• **Try it**
Count only the lines of the records that hold "topspace", then give the number without any other words.

[The input]

(* Let $X$ be a metrizable space which is locally compact and $\sigma$-compact, and let $f\colon X\to X$ be a homeomorphism which is metric-independent expansive. Then $f^n$ is metric-independent expansive for every integer $n\neq 0$.
   Context: A homeomorphism $f$ of a metric space $(X,d)$ is expansive with respect to $d$ if there is $c>0$ such that for all $x\neq y$ there is $i\in\mathbb Z$ with $d(f^i(x),f^i(y))>c$. It is metric-independent expansive if it is expansive with respect to every metric compatible with the topology of $X$. *)

theory Defs
  imports "HOL-Analysis.Analysis"
begin

definition compatible_metric :: "'a topology \<Rightarrow> ('a \<Rightarrow> 'a \<Rightarrow> real) \<Rightarrow> bool" where
  "compatible_metric X d \<longleftrightarrow>
     Metric_space (topspace X) d \<and> Metric_space.mtopology (topspace X) d = X"

definition sigma_compact_space :: "'a topology \<Rightarrow> bool" where
  "sigma_compact_space X \<longleftrightarrow>
     (\<exists>F. countable F \<and> (\<forall>K\<in>F. compactin X K) \<and> \<Union>F = topspace X)"

definition iter_int :: "'a topology \<Rightarrow> ('a \<Rightarrow> 'a) \<Rightarrow> int \<Rightarrow> 'a \<Rightarrow> 'a" where
  "iter_int X f n =
     (if 0 \<le> n then f ^^ nat n else (inv_into (topspace X) f) ^^ nat (- n))"

definition expansive_wrt :: "'a topology \<Rightarrow> ('a \<Rightarrow> 'a) \<Rightarrow> ('a \<Rightarrow> 'a \<Rightarrow> real) \<Rightarrow> bool" where
  "expansive_wrt X f d \<longleftrightarrow>
     (\<exists>c>0. \<forall>x\<in>topspace X. \<forall>y\<in>topspace X. x \<noteq> y \<longrightarrow>
        (\<exists>i::int. d (iter_int X f i x) (iter_int X f i y) > c))"

definition metric_independent_expansive :: "'a topology \<Rightarrow> ('a \<Rightarrow> 'a) \<Rightarrow> bool" where
  "metric_independent_expansive X f \<longleftrightarrow>
     (\<forall>d. compatible_metric X d \<longrightarrow> expansive_wrt X f d)"

end

theory Submission
  imports Defs
begin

[/The input]

• **Exercise output**
4